- **WHAT THE TASK ASKS**: Your answer is to be every line of the material that includes the string "speed".
+---+
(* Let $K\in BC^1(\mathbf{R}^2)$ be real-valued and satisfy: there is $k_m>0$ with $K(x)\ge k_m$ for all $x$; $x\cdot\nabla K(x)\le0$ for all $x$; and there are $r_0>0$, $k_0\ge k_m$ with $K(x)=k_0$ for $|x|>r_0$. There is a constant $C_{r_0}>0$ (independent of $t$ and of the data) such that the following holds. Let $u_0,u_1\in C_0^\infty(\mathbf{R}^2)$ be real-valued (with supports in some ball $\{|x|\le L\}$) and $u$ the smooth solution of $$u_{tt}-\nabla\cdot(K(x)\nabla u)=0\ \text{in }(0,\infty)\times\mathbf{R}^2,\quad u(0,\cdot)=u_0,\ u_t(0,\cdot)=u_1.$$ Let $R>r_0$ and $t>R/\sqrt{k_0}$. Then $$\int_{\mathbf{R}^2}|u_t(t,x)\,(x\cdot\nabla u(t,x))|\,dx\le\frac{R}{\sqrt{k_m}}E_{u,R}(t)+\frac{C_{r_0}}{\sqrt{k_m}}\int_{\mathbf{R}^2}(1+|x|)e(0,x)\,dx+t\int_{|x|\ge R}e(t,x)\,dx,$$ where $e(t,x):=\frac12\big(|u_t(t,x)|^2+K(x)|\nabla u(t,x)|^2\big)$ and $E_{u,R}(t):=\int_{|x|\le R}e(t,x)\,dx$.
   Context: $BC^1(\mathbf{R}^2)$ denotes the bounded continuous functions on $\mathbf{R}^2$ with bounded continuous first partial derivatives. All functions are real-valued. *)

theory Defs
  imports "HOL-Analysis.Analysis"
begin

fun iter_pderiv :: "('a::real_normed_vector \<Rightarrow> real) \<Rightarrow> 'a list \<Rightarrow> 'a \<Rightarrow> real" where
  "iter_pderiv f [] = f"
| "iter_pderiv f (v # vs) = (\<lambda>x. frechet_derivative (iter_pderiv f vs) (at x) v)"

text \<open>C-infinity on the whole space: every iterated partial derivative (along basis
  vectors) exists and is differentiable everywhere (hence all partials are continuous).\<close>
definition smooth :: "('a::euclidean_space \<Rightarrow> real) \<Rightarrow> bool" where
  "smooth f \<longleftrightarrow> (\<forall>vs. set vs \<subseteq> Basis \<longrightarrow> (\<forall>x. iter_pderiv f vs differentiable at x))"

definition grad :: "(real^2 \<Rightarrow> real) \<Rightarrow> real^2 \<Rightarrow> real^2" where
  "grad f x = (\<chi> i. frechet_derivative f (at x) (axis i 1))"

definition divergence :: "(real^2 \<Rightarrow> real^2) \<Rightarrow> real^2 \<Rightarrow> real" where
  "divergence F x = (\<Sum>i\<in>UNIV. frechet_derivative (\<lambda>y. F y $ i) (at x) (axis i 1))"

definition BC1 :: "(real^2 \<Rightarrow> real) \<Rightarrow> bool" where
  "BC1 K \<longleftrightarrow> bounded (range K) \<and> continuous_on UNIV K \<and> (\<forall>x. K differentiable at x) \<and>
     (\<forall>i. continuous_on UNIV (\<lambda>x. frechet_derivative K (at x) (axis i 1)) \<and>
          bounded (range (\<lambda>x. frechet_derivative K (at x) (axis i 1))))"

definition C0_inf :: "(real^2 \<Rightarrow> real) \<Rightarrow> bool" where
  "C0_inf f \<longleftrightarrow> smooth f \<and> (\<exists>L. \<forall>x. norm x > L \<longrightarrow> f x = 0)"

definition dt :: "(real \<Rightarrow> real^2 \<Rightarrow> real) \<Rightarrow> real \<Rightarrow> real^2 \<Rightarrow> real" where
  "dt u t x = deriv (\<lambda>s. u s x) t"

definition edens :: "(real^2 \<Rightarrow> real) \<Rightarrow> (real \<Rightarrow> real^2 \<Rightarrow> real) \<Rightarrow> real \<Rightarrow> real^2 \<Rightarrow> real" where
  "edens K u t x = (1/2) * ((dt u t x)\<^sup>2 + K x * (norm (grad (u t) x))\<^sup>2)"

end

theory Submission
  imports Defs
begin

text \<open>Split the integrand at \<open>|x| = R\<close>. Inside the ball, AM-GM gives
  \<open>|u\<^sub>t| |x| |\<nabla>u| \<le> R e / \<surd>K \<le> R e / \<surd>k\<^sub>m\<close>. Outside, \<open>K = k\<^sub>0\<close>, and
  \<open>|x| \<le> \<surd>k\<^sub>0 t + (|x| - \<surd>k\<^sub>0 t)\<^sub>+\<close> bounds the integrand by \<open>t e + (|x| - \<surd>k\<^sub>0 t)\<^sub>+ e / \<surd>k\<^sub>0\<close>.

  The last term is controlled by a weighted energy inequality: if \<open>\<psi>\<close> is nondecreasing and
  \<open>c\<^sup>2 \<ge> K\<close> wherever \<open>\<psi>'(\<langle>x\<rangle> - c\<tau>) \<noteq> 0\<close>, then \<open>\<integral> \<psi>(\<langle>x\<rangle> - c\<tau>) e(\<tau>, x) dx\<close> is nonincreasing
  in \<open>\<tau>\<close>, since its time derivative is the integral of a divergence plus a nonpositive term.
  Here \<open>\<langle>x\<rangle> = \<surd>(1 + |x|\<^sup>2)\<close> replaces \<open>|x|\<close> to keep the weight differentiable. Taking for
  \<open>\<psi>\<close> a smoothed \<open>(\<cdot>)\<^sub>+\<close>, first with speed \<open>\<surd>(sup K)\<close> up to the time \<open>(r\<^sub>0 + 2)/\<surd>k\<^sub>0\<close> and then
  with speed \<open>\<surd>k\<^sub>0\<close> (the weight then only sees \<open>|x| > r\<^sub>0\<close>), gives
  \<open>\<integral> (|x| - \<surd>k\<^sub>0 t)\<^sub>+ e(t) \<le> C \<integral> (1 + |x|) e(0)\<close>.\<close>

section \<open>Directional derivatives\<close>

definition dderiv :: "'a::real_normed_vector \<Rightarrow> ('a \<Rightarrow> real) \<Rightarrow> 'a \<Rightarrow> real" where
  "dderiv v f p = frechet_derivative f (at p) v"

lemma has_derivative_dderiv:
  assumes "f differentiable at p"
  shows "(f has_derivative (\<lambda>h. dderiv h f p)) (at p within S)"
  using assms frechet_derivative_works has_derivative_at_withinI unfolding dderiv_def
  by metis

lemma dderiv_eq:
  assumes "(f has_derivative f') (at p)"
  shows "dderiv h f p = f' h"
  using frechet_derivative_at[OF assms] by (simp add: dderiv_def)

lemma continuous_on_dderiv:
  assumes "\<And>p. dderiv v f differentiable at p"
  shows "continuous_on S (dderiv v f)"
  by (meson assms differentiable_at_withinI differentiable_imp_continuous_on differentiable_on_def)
+---+
- **RESPONSE BELOW**:
  \<open>\<psi>\<close> a smoothed \<open>(\<cdot>)\<^sub>+\<close>, first with speed \<open>\<surd>(sup K)\<close> up to the time \<open>(r\<^sub>0 + 2)/\<surd>k\<^sub>0\<close> and then
  with speed \<open>\<surd>k\<^sub>0\<close> (the weight then only sees \<open>|x| > r\<^sub>0\<close>), gives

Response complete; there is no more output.